ECLI:NL:GHDHA:2025:217

Gerechtshof Den Haag

Datum uitspraak
9 januari 2025
Publicatiedatum
20 februari 2025
Zaaknummer
BK-24/466 tot en met BK-24/468
Instantie
Gerechtshof Den Haag
Type
Uitspraak
Procedures
  • Hoger beroep
Vindplaatsen
  • Rechtspraak.nl
AI samenvatting door LexboostAutomatisch gegenereerd

Kosten naheffingsaanslag parkeerbelasting en de toerekenbaarheid van kosten volgens de Gemeentewet en het Besluit gemeentelijke parkeerbelastingen

In deze zaak gaat het om de kosten van naheffingsaanslagen parkeerbelasting die zijn opgelegd aan belanghebbende door de Heffingsambtenaar van de gemeente Den Haag. De belanghebbende heeft twee naheffingsaanslagen ontvangen, waarvan de totale kosten zijn vastgesteld op € 71,50 en € 69. De Heffingsambtenaar heeft de bezwaren van belanghebbende tegen deze naheffingsaanslagen ongegrond verklaard, waarna belanghebbende in beroep ging bij de Rechtbank Den Haag. De Rechtbank heeft het beroep ongegrond verklaard, waarna belanghebbende hoger beroep heeft ingesteld bij het Gerechtshof Den Haag.

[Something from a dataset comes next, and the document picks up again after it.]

(* Let $P=(V,V_\Diamond,E,\omega)$ be a partial parity game with interface $U$, let $v\in V$, and let $\pi$ be a partial winning strategy for $(P,v)$. Then there exists a positional partial winning strategy $\rho$ for $(P,v)$ such that $\mathrm{profile}(\rho,v)\sqsubseteq\mathrm{profile}(\pi,v)$.
   Context: **Parity games.** A parity game $(V,V_\Diamond,E,\omega)$ is a digraph $(V,E)$ with $V_\Diamond\subseteq V$ and priorities $\omega:V\to\mathbb N$. Player $\Diamond$ moves at nodes of $V_\Diamond$ and Player $\Box$ at the other nodes. A player who cannot move loses. An infinite play is won by $\Diamond$ iff the minimum priority occurring infinitely often is even. **Strategies.** For a partial function $\pi:V^+\to V$, a path $(v_1,\dots,v_n)$ is $\pi$-conforming if for all $i<n$ with $v_i\in V_\Diamond$ we have $(v_1,\dots,v_i)\in\mathrm{dom}(\pi)$ and $v_{i+1}=\pi(v_1,\dots,v_i)$, with $(v_i,v_{i+1})\in E$. An infinite path is $\pi$-conforming if all its finite prefixes are. **Partial parity games and partial strategies.** A partial parity game additionally has an interface $U\subseteq V$. A partial strategy for $(P,v_1)$ is a partial $\pi:V^+\to V$ such that: - for every $(v_1,\dots,v_n)\in\mathrm{dom}(\pi)$, the path $(v_1,\dots,v_n,\pi(v_1,\dots,v_n))$ is $\pi$-conforming and $v_n\in V_\Diamond$; - for every $\pi$-conforming path $(v_1,\dots,v_n)$ with $v_n\in V_\Diamond\setminus U$, we have $(v_1,\dots,v_n)\in\mathrm{dom}(\pi)$. $\pi$ is positional if $\pi(v_1,\dots,v_n)$ depends only on $v_n$. **Partial winning strategies.** $\pi$ is a partial winning strategy for $(P,v_1)$ if the following holds. Add to $P$ a new $\Box$-node $\top$ without successors and edges from every node of $V_\Diamond\cap U$ to $\top$, and extend $\pi$ by moving to $\top$ on $\pi$-conforming paths ending in $V_\Diamond\cap U$ where $\pi$ is undefined. Then every maximal conforming path from $v_1$ in the resulting game is won by $\Diamond$. **Reward ordering on priorities.** $p\sqsubseteq p'$ iff one of: - $p$ is even and $p'$ is odd; - both are even and $p\le p'$; - both are odd and $p\ge p'$. **Profiles.** For a partial winning strategy $\pi$ for $(P,v_1)$: - $\mathrm{preprofile}(\pi,v_1)=\{(v_n,\min_{1\le i\le n}\omega(v_i)) : n>1,\ (v_1,\dots,v_n)$ is a $\pi$-conforming path with $v_n\in U$ and $(v_1,\dots,v_n)\notin\mathrm{dom}(\pi)\}$; - $\mathrm{profile}(\pi,v_1)$ consists of the pairs $(u,p)\in\mathrm{preprofile}(\pi,v_1)$ with $p$ $\sqsubseteq$-maximal among pairs with first component $u$. For profiles $y,y'$, $y\sqsubseteq y'$ iff for every $(u,p)\in y$ there is $(u,p')\in y'$ with $p\sqsubseteq p'$. *)

theory Defs
  imports Main
begin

De kern van het geschil betreft de vraag of de kosten die in rekening zijn gebracht bij de naheffingsaanslagen terecht zijn vastgesteld. Belanghebbende betwist dat de kostenraming voldoet aan de eisen die zijn gesteld in de Gemeentewet en het Besluit gemeentelijke parkeerbelastingen. Het Gerechtshof heeft geoordeeld dat de kostenraming aan de gestelde eisen voldoet en dat de kosten die in rekening zijn gebracht meer dan zijdelings verband houden met de inning van niet-betaalde parkeerbelastingen. Het Hof heeft de uitspraak van de Rechtbank bevestigd en het hoger beroep ongegrond verklaard.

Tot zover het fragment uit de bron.